__WHAT YOU ARE ASKED TO DO__. Retype, exactly as they appear below, the lines between the line holding "case (step b c)" and the line holding "edge_adjacent (antidiag_reflect a)", both ends included.
====== RECORDS
(* Let $M\in M_n(\mathbb{Z})$ be a symmetric positive semidefinite matrix, and let $\lambda_1$ be its largest eigenvalue. Collapsed values are integers. (i) If $\mu\notin[-1,\lambda_1+\sqrt2]$, then $\mu$ is not a collapsed value of $M$. (ii) The value $\mu=-1$ is a collapsed value of $M$ if either two columns of $M$ are equal or $Me_i=-e_j$ for some $i\neq j$. (iii) If $M$ is positive definite or is the Laplacian of a connected graph, then no $\mu<0$ is a collapsed value of $M$. (iv) If $M$ is positive definite with smallest eigenvalue $\lambda_n>0$, and $\mu$ is a collapsed value of $M$, then $\mu\ge\lambda_n-\sqrt2$.
   Context: For $M\in M_n(\mathbb{Z})$, $\mathrm{Im}(M)$ is the $\mathbb{Z}$-span of its columns; $M$ is spread if the quotient map $\mathbb{Z}^n\to\mathbb{Z}^n/\mathrm{Im}(M)$ is injective on the standard basis $\{e_1,\dots,e_n\}$. An integer $\mu$ is a collapsed value of $M$ if $M-\mu\,\mathrm{Id}$ is not spread. The Laplacian of a graph (multiple edges allowed, no loops) is the matrix with diagonal entries the vertex degrees and off-diagonal $(i,j)$ entry minus the number of edges joining $v_i$ and $v_j$. *)

theory Defs
  imports "Jordan_Normal_Form.Char_Poly"
begin

definition int_image :: "int mat \<Rightarrow> int vec set" where
  "int_image M = {M *\<^sub>v v | v. v \<in> carrier_vec (dim_col M)}"

text \<open>M is spread: the quotient map Z^n -> Z^n / Im(M) is injective on the
  standard basis, i.e. e_i - e_j is not in Im(M) for i \<noteq> j.\<close>
definition spread :: "int mat \<Rightarrow> bool" where
  "spread M = (\<forall>i < dim_row M. \<forall>j < dim_row M. i \<noteq> j \<longrightarrow>
      unit_vec (dim_row M) i - unit_vec (dim_row M) j \<notin> int_image M)"

definition collapsed_value :: "int mat \<Rightarrow> int \<Rightarrow> bool" where
  "collapsed_value M \<mu> = (\<not> spread (M - of_int \<mu> \<cdot>\<^sub>m 1\<^sub>m (dim_row M)))"

definition real_mat :: "int mat \<Rightarrow> real mat" where
  "real_mat M = map_mat real_of_int M"
lemma mem_image_involution_iff:
  assumes "\<And>c. f (f c) = c"
  shows "c \<in> f ` A \<longleftrightarrow> f c \<in> A"
  by (metis assms image_eqI imageE)

lemma inj_involution: "(\<And>c. f (f c) = c) \<Longrightarrow> inj f"
  by (metis injI)

lemma cell_connected_image:
  assumes "cell_connected W" and adj: "\<And>a b. edge_adjacent a b \<Longrightarrow> edge_adjacent (f a) (f b)"
  shows "cell_connected (f ` W)"
proof -
  have "(f a, f b) \<in> (adj_rel (f ` W))\<^sup>*" if "(a, b) \<in> (adj_rel W)\<^sup>*" for a b
    using that
  proof (induction rule: rtrancl_induct)
    case (step b c)
    then have "(f b, f c) \<in> adj_rel (f ` W)" using adj by (auto simp: adj_rel_def)
    with step.IH show ?case by (rule rtrancl_into_rtrancl)
  qed simp
  then show ?thesis using assms(1) unfolding cell_connected_def by blast
qed

lemma edge_adjacent_antidiag_reflect: "edge_adjacent a b \<Longrightarrow> edge_adjacent (antidiag_reflect a) (antidiag_reflect b)"
  unfolding edge_adjacent_def antidiag_reflect_def by (simp add: abs_minus_commute add.commute)

lemma edge_adjacent_point_reflect: "edge_adjacent a b \<Longrightarrow> edge_adjacent (point_reflect a) (point_reflect b)"
  unfolding edge_adjacent_def point_reflect_def by (simp add: abs_minus_commute)

lemma nw_of_antidiag_reflect: "nw_of (antidiag_reflect a) (antidiag_reflect b) \<longleftrightarrow> nw_of a b"
  unfolding nw_of_def antidiag_reflect_def by auto

lemma nw_of_point_reflect: "nw_of (point_reflect a) (point_reflect b) \<longleftrightarrow> nw_of b a"
  unfolding nw_of_def point_reflect_def by auto

lemma nw_rect_antidiag_reflect:
  "nw_rect (antidiag_reflect a) (antidiag_reflect b) = antidiag_reflect ` nw_rect a b"
proof (rule set_eqI)
  fix c
  have "c \<in> nw_rect (antidiag_reflect a) (antidiag_reflect b) \<longleftrightarrow> antidiag_reflect c \<in> nw_rect a b"
    unfolding nw_rect_def nw_of_def antidiag_reflect_def by auto
  then show "c \<in> nw_rect (antidiag_reflect a) (antidiag_reflect b) \<longleftrightarrow> c \<in> antidiag_reflect ` nw_rect a b"
    by (simp add: mem_image_involution_iff[OF antidiag_reflect_involution])
qed

lemma nw_rect_point_reflect:
  "nw_rect (point_reflect a) (point_reflect b) = point_reflect ` nw_rect b a"
proof (rule set_eqI)
  fix c
  have "c \<in> nw_rect (point_reflect a) (point_reflect b) \<longleftrightarrow> point_reflect c \<in> nw_rect b a"
    unfolding nw_rect_def nw_of_def point_reflect_def by auto
  then show "c \<in> nw_rect (point_reflect a) (point_reflect b) \<longleftrightarrow> c \<in> point_reflect ` nw_rect b a"
    by (simp add: mem_image_involution_iff[OF point_reflect_involution])
qed

lemma avoids_corner_patterns_antidiag_reflect:
  assumes "avoids_corner_patterns P"
  shows "avoids_corner_patterns (antidiag_reflect ` P)"
  unfolding avoids_corner_patterns_def mem_image_involution_iff[OF antidiag_reflect_involution]
proof (intro allI impI)
  fix x1 x2 y1 y2 :: int
  assume "x1 < x2" "y1 < y2" "antidiag_reflect (x1, y2) \<in> P" "antidiag_reflect (x2, y1) \<in> P"
  then show "antidiag_reflect (x1, y1) \<in> P \<longleftrightarrow> antidiag_reflect (x2, y2) \<in> P"
    using assms[unfolded avoids_corner_patterns_def, rule_format, of "- y2" "- y1" "- x2" "- x1"]
    by (auto simp: antidiag_reflect_def)
qed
============
__SOLUTION TO THE EXERCISE__.
    case (step b c)
    then have "(f b, f c) \<in> adj_rel (f ` W)" using adj by (auto simp: adj_rel_def)
    with step.IH show ?case by (rule rtrancl_into_rtrancl)
  qed simp
  then show ?thesis using assms(1) unfolding cell_connected_def by blast
qed

lemma edge_adjacent_antidiag_reflect: "edge_adjacent a b \<Longrightarrow> edge_adjacent (antidiag_reflect a) (antidiag_reflect b)"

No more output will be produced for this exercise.